What you should do | Transcribe exactly the line that contains "using C_U_ge_1[OF assms(1)]" and all lines following it to the end of the material below; omit everything else.

%%

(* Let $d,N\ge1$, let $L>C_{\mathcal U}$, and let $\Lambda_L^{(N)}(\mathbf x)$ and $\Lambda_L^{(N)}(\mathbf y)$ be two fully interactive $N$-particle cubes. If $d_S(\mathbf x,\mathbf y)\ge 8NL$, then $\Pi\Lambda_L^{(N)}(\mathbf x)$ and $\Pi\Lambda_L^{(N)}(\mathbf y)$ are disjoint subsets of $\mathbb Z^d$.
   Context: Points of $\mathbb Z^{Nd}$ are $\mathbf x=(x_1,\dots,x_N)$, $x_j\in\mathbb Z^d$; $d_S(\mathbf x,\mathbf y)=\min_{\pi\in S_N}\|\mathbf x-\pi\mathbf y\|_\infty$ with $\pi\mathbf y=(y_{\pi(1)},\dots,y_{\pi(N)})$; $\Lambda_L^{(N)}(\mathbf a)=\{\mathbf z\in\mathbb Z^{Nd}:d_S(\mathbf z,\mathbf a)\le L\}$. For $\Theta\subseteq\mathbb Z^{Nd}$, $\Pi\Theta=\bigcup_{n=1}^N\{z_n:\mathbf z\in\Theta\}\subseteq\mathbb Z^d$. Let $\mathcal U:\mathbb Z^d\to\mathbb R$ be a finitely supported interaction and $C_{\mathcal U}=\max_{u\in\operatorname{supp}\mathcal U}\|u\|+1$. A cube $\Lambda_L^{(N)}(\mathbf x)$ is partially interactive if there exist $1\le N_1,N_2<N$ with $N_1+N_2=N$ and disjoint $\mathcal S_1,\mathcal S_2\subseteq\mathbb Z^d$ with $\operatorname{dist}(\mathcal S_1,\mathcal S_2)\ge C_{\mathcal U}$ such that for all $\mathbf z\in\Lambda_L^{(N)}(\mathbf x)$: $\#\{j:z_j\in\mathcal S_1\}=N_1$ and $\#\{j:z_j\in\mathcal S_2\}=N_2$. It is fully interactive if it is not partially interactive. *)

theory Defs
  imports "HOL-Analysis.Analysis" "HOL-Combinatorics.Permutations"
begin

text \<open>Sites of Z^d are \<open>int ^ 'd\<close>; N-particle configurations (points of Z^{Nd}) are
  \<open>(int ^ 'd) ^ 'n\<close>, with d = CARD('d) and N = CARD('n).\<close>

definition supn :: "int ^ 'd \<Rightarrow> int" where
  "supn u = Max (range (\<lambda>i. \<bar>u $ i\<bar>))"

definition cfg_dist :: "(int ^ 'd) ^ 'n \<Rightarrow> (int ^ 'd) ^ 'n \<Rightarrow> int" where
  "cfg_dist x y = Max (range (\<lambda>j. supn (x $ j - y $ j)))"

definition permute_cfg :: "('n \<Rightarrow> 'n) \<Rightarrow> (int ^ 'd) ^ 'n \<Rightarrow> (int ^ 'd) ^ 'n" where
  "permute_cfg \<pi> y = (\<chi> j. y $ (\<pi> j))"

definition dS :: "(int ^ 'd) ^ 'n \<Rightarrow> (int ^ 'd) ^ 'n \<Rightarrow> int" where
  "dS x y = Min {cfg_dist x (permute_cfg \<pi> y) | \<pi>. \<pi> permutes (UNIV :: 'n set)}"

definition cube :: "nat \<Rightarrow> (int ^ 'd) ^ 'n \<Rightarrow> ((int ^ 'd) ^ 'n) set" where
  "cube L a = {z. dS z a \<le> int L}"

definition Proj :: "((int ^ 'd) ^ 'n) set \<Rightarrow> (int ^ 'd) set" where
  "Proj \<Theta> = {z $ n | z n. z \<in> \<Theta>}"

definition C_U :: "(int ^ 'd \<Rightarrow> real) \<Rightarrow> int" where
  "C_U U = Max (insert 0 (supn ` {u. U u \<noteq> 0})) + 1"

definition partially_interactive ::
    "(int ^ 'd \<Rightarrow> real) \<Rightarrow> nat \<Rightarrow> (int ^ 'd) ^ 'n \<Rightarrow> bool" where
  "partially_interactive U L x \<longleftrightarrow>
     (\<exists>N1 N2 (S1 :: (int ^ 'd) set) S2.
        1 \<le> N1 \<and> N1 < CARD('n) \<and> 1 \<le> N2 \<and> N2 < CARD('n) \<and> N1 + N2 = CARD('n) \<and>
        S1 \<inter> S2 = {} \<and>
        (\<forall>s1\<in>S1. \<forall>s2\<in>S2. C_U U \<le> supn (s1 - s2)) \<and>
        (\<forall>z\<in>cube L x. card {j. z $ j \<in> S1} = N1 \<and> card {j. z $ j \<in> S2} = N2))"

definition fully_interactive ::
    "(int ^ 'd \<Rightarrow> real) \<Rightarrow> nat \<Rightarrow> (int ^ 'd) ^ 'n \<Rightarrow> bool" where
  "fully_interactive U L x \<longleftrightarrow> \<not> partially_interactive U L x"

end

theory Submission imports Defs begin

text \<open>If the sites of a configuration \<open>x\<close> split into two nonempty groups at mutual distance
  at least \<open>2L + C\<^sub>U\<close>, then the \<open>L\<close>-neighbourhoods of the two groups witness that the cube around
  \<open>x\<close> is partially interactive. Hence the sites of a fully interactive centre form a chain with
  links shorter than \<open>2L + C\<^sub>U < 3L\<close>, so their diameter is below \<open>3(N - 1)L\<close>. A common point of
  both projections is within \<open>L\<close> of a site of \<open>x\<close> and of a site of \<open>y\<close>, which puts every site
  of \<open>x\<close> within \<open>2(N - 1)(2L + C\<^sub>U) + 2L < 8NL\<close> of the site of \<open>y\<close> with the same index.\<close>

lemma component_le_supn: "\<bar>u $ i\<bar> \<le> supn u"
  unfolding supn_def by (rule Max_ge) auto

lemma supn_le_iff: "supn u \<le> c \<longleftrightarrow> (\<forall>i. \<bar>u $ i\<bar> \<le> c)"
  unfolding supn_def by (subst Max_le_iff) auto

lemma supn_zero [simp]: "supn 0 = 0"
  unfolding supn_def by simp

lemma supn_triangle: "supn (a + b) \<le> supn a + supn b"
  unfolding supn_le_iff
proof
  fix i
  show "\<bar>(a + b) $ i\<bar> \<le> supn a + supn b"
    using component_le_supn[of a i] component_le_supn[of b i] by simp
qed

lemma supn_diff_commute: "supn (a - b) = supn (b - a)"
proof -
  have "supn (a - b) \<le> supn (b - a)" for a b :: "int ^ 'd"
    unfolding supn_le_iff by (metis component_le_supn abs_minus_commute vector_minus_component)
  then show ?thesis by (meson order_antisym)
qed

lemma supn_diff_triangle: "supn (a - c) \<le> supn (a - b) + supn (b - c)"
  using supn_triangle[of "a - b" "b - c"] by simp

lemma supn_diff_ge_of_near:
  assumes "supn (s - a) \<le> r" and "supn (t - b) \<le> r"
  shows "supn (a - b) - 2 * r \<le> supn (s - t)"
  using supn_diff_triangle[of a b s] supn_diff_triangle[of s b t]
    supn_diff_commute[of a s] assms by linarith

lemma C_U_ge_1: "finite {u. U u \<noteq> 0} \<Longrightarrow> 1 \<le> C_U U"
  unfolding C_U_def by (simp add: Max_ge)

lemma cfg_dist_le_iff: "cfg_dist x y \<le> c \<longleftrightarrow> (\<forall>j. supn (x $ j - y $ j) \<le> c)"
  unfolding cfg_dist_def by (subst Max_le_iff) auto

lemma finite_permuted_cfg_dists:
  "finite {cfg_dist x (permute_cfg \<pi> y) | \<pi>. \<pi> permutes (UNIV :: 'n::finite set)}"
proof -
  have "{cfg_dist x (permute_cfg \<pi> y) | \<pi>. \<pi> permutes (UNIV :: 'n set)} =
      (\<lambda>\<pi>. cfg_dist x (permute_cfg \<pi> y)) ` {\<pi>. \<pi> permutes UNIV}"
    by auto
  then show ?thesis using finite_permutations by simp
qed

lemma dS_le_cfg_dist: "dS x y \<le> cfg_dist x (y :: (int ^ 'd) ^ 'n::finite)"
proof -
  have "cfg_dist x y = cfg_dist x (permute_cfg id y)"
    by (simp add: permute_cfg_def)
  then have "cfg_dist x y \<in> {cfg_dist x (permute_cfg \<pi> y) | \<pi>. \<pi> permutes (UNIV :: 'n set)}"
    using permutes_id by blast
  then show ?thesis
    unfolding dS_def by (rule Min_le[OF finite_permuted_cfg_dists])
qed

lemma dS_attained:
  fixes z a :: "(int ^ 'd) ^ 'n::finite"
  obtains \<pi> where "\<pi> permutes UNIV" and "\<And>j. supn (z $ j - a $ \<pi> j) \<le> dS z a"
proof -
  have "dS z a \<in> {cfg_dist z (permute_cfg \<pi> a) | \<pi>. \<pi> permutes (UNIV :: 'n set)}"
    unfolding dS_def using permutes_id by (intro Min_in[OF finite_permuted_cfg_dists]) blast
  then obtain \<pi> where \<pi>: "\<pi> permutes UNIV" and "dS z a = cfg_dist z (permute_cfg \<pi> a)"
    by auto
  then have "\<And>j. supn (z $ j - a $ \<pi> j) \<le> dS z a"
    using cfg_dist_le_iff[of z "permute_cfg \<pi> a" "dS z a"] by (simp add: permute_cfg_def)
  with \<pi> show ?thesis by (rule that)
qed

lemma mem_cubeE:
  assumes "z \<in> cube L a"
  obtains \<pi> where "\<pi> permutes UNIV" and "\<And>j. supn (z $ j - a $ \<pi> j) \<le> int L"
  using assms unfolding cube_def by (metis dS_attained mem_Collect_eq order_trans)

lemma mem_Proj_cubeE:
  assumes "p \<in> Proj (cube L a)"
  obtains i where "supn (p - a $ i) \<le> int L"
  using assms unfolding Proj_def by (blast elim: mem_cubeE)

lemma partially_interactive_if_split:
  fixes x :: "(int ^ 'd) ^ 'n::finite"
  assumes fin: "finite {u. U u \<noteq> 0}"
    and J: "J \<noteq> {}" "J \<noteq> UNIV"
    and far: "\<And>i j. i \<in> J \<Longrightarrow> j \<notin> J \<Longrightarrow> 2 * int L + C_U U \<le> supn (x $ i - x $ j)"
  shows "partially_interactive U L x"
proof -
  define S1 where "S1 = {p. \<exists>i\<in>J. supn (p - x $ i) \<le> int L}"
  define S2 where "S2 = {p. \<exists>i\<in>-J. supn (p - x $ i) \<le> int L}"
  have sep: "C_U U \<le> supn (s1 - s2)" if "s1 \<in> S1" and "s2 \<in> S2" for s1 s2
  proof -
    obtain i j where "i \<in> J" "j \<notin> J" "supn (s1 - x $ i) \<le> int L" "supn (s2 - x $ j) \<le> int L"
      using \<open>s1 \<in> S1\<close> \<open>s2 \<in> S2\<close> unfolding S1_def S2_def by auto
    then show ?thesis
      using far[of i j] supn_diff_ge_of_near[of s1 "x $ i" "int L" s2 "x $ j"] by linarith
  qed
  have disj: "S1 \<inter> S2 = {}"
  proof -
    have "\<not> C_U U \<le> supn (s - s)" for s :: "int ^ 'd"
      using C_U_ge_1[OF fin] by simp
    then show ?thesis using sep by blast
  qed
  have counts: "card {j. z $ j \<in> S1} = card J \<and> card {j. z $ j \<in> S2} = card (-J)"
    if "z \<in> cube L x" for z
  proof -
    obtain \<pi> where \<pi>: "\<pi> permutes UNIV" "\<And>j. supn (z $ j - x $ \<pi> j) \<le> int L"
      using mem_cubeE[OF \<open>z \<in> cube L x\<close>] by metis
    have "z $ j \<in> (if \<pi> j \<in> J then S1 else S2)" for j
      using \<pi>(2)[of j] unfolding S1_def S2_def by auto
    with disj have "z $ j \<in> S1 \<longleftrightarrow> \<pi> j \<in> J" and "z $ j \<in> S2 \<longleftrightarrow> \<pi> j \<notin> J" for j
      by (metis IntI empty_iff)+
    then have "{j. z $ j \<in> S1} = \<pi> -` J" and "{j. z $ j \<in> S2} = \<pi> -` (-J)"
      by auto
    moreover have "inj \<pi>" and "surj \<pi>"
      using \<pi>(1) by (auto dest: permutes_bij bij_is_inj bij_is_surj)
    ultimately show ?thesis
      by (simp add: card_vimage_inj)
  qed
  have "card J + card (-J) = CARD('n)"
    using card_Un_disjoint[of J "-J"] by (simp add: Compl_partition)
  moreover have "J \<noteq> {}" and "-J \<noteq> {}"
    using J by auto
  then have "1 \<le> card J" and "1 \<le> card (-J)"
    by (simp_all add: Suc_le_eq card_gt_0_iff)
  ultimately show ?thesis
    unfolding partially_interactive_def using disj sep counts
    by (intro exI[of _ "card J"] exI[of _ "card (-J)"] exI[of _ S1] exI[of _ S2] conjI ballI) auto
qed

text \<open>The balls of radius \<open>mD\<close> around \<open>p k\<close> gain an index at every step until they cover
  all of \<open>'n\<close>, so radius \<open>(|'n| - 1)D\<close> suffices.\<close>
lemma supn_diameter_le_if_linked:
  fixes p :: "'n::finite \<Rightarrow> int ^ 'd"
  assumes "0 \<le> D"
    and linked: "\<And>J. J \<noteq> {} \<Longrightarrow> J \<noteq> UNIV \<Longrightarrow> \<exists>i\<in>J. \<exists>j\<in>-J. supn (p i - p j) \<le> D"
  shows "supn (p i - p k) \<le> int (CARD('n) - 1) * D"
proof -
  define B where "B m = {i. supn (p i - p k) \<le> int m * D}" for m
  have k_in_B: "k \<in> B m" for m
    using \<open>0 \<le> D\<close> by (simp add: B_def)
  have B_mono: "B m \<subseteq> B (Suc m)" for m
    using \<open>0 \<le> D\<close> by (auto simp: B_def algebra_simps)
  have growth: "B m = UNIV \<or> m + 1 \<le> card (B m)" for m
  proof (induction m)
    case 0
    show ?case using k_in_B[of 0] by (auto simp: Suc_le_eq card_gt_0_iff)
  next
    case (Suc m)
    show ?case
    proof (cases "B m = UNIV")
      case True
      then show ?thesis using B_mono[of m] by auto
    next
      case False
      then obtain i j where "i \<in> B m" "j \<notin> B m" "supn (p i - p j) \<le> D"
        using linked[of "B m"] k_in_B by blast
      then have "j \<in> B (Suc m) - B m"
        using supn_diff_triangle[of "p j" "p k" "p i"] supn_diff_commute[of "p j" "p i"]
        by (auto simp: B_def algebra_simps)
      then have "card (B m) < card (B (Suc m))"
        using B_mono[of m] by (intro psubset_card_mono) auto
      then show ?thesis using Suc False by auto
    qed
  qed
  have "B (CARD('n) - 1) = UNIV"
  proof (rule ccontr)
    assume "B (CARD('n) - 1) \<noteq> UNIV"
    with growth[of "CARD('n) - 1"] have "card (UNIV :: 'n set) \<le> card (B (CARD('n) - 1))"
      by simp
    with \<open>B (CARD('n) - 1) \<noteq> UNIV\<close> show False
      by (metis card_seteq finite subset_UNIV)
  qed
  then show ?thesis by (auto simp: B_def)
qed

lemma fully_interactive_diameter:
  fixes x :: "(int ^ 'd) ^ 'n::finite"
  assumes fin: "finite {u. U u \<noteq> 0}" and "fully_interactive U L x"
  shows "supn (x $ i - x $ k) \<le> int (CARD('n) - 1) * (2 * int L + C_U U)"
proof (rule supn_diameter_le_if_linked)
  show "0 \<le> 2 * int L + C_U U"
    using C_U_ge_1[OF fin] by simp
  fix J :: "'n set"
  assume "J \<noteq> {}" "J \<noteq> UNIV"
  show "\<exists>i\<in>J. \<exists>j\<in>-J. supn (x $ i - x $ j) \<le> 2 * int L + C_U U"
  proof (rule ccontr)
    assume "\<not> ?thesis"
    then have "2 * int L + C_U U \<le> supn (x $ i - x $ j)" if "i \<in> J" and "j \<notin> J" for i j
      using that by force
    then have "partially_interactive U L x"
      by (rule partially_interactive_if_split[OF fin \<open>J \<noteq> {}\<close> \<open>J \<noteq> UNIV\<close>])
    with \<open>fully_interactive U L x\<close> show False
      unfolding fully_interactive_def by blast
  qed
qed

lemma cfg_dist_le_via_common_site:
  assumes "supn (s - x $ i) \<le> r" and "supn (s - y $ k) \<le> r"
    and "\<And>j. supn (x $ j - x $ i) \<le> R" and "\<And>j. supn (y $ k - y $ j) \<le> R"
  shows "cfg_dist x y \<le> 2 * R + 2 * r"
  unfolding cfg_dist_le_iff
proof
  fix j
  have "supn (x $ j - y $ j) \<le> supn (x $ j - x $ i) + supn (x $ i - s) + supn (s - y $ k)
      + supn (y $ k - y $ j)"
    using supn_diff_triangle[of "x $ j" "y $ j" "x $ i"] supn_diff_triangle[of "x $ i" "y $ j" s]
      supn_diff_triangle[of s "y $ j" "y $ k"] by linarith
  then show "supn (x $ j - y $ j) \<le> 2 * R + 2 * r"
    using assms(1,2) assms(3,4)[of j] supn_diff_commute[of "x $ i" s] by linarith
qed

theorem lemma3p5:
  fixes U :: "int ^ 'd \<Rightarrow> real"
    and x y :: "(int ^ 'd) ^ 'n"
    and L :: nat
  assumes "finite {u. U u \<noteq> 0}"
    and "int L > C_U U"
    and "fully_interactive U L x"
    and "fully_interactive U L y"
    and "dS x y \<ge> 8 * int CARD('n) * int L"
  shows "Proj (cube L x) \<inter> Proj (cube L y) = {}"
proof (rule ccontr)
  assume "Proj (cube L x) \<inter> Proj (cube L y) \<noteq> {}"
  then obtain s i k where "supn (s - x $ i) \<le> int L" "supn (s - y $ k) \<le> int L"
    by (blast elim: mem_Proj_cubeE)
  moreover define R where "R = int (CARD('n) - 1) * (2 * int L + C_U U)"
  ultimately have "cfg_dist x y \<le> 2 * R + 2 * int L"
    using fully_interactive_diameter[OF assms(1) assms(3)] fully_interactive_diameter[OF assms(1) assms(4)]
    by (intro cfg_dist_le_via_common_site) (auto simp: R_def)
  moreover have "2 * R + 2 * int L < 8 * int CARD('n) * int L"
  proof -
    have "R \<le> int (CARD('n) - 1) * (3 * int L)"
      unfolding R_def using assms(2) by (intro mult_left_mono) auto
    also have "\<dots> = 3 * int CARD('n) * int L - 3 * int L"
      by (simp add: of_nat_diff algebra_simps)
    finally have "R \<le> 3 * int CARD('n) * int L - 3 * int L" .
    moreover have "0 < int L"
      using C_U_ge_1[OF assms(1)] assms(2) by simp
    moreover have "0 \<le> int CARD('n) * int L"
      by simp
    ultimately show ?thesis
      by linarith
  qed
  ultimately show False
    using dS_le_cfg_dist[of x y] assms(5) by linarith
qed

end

%%

Your response |
      using C_U_ge_1[OF assms(1)] assms(2) by simp
    moreover have "0 \<le> int CARD('n) * int L"
      by simp
    ultimately show ?thesis
      by linarith
  qed
  ultimately show False
    using dS_le_cfg_dist[of x y] assms(5) by linarith
qed

end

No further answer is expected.